Use proteins as a model for differentiating between breaking IMFs (denaturation) and breaking bonds (digestion)


Everyday foods are an excellent way to introduce important concepts related to protein denaturation and digestion. For example, milk consists of a variety of nutrients, including about 3% proteins. Of these proteins, about 80% consist of the relatively hydrophobic casein proteins that exist in micelles and give milk its cloudiness, with the other approximately 20% of milk proteins consisting of a variety of water-soluble (whey) proteins.

Casein proteins are heat-stable, but will denature below pH 4.6. This can be seen from the familiar milk curdling in acid (buttermilk, ricotta cheese, etc.). These proteins are held together by phosphate groups that bind to calcium ions, linking the casein chains together. When introducing an acid, the ionic interactions between the casein phosphate groups and calcium ions are disrupted, causing the casein proteins to denature. Interestingly, this chemistry is the basis of cheesemaking — caseins are also substrates of the protease rennet, which is added to milk in the early stages of making fresh cheese.

The water-soluble whey proteins are diverse, and many are rich in sulfur. These proteins can be denatured at high temperatures, leading to the formation of milk skin. Whey proteins are not as acid-sensitive as caseins, thus remain in the whey solution during acidification (such as for cheese making). These proteins are still susceptible to other proteases, such as those introduced by bacteria when making yogurt.
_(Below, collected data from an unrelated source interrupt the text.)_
(* Consider the coordination game described in the context in which each agent $i$ observes $z_i=A-\theta+\sigma_z\xi_i$ with $\xi_i\sim\mathcal{N}(0,1)$ i.i.d. across agents, and let $\alpha_z:=1/\sigma_z$. If $\alpha_z>\sqrt{2\pi}$, then there exist multiple (at least two distinct) equilibria.
   Context: A unit mass of agents $i\in[0,1]$ each choose $a_i\in\{0,1\}$ ($a_i=1$: attack the status quo). The aggregate attack is $A=\int_0^1 a_i\,di$. The status quo has strength $\theta\in\mathbb{R}$ and is abandoned iff $A>\theta$. An attacking agent pays cost $c\in(0,1)$ and gets $1$ if the status quo is abandoned, otherwise nothing; not attacking yields $0$, so agent $i$ maximizes $a_i\,(P(A-\theta>0\mid z_i)-c)$. Agents hold an (improper) uniform prior over $\theta$ on $\mathbb{R}$. Given a conjectured (measurable) aggregate attack function $A:\mathbb{R}\to[0,1]$, the posterior of an agent with signal $z$ is $P[\theta\in S\mid z,A(\cdot)]=\int_S \phi(\alpha_z(z-A(\theta)+\theta))\,d\theta\big/\int_{\mathbb{R}}\phi(\alpha_z(z-A(\theta)+\theta))\,d\theta$, with $\phi$ the standard normal density. An equilibrium is a function $A:\mathbb{R}\to[0,1]$ such that for every $\theta$, $A(\theta)$ equals the probability (mass of agents) that an agent's signal $z=A(\theta)-\theta+\sigma_z\xi$ leads him to attack, i.e. that $P[A(\theta')-\theta'>0\mid z,A(\cdot)]\ge c$ (where $\theta'$ is the random fundamental under the posterior). *)

theory Defs
  imports "HOL-Probability.Probability"
begin

text \<open>Posterior probability that the status quo is abandoned (A(theta') - theta' > 0),
  for an agent with signal z, noise scale sigma (alpha_z = 1/sigma), under the conjectured
  aggregate attack function A and the improper uniform prior on theta'.\<close>
definition posterior_success :: "real \<Rightarrow> (real \<Rightarrow> real) \<Rightarrow> real \<Rightarrow> real" where
  "posterior_success \<sigma> A z =
     (\<integral>t. indicator {t. A t - t > 0} t * std_normal_density ((1/\<sigma>) * (z - A t + t)) \<partial>lborel)
     / (\<integral>t. std_normal_density ((1/\<sigma>) * (z - A t + t)) \<partial>lborel)"
definition proper_fun :: "('a \<Rightarrow> ereal) \<Rightarrow> bool" where
  "proper_fun r \<longleftrightarrow> (\<forall>x. r x \<noteq> -\<infinity>) \<and> (\<exists>x. r x \<noteq> \<infinity>)"

definition closed_fun :: "('a::topological_space \<Rightarrow> ereal) \<Rightarrow> bool" where
  "closed_fun r \<longleftrightarrow> closed {(x, t::real). r x \<le> ereal t}"

definition convex_fun :: "('a::real_vector \<Rightarrow> ereal) \<Rightarrow> bool" where
  "convex_fun r \<longleftrightarrow> (\<forall>x y t. 0 \<le> t \<and> t \<le> 1 \<longrightarrow>
      r ((1 - t) *\<^sub>R x + t *\<^sub>R y) \<le> ereal (1 - t) * r x + ereal t * r y)"

definition prox :: "real \<Rightarrow> ('a::real_normed_vector \<Rightarrow> ereal) \<Rightarrow> 'a \<Rightarrow> 'a" where
  "prox \<alpha> r v = (THE p. \<forall>s. r p + ereal (norm (p - v)^2 / (2 * \<alpha>))
                              \<le> r s + ereal (norm (s - v)^2 / (2 * \<alpha>)))"

text \<open>Blockwise prox of R(x) = \<Sum>_i r(x_i).\<close>
definition proxR :: "real \<Rightarrow> (real^'d \<Rightarrow> ereal) \<Rightarrow> real^'d^'n \<Rightarrow> real^'d^'n" where
  "proxR \<alpha> r x = (\<chi> i. prox \<alpha> r (x $ i))"

definition gradF :: "('n \<Rightarrow> real^'d \<Rightarrow> real^'d) \<Rightarrow> real^'d^'n \<Rightarrow> real^'d^'n" where
  "gradF g x = (\<chi> i. g i (x $ i))"

end

theory Submission
  imports Defs
begin

text \<open>The third fixed-point equation says that \<open>\<surd>B\<close> annihilates \<open>v = w - \<surd>B u\<close>; hence so
  does \<open>B\<close>, whose kernel consists of consensus vectors, so all blocks of \<open>v\<close> equal some \<open>v\<^sub>0\<close>.
  As \<open>A\<close> fixes consensus vectors, every block of \<open>x\<close> is \<open>x\<^sub>0 = prox v\<^sub>0\<close>. Summing the first
  equation over the nodes, the term \<open>\<surd>B u\<close> drops out (the columns of \<open>\<surd>B\<close> sum to zero), which
  gives \<open>v\<^sub>0 = x\<^sub>0 - (\<alpha>/n) \<Sum>\<^sub>i \<nabla>f\<^sub>i(x\<^sub>0)\<close>. Thus \<open>x\<^sub>0\<close> is a fixed point of the proximal gradient
  step with step size \<open>\<alpha>\<close> for \<open>(1/n) \<Sum>\<^sub>i f\<^sub>i + r\<close>, and the variational inequality of the prox combined with the gradient
  inequality of the convex \<open>f\<^sub>i\<close> shows that it is a minimiser.\<close>

lemma convex_funD:
  fixes r :: "'a::real_vector \<Rightarrow> ereal"
  assumes "convex_fun r" "r x \<le> ereal a" "r y \<le> ereal b" "0 \<le> t" "t \<le> 1"
  shows "r ((1 - t) *\<^sub>R x + t *\<^sub>R y) \<le> ereal ((1 - t) * a + t * b)"
proof -
  have "r ((1 - t) *\<^sub>R x + t *\<^sub>R y) \<le> ereal (1 - t) * r x + ereal t * r y"
    using assms unfolding convex_fun_def by blast
  also have "\<dots> \<le> ereal (1 - t) * ereal a + ereal t * ereal b"
    using assms by (intro add_mono ereal_mult_left_mono) auto
  finally show ?thesis by simp
qed

lemma convex_fun_imp_convex_epigraph:
  fixes r :: "'a::real_vector \<Rightarrow> ereal"
  assumes "convex_fun r"
  shows "convex {(x, t). r x \<le> ereal t}"
  unfolding convex_alt using convex_funD[OF assms] by fastforce

lemma proper_fun_neq_MInfty: "proper_fun r \<Longrightarrow> r x \<noteq> -\<infinity>"
  unfolding proper_fun_def by blast

lemma proper_funE:
  assumes "proper_fun r"
  obtains x a where "r x = ereal a"
  using assms unfolding proper_fun_def by (metis ereal_cases)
An accessible source of protease is meat tenderizer, which includes papain (from papaya) or bromelain (from pineapple). These enzymes will cleave caseins over time, and contribute to the coagulation of milk. As such, we are using meat tenderizer as the basis for this experiment.

To take this one step further, look into getting some rennet, an enzyme very commonly used in cheese-making. It can be used in this experiment in similar ways to meat tenderizer.

Review and learn more about proteins  



  • Unseasoned Meat Tenderizer
  • Vinegar
  • Milk

Lab Supplies

  • Test Tubes or small beakers
  • Pipettes or Measuring Spoons
  • Hot plate


Track down unseasoned meat tenderizer, which can be hard to come by in the store. Avoid the seasoned version as the color of the seasoning makes it more difficult to observe your results. You may have to order it online — it is available on Amazon if you can’t find it in your local grocery store.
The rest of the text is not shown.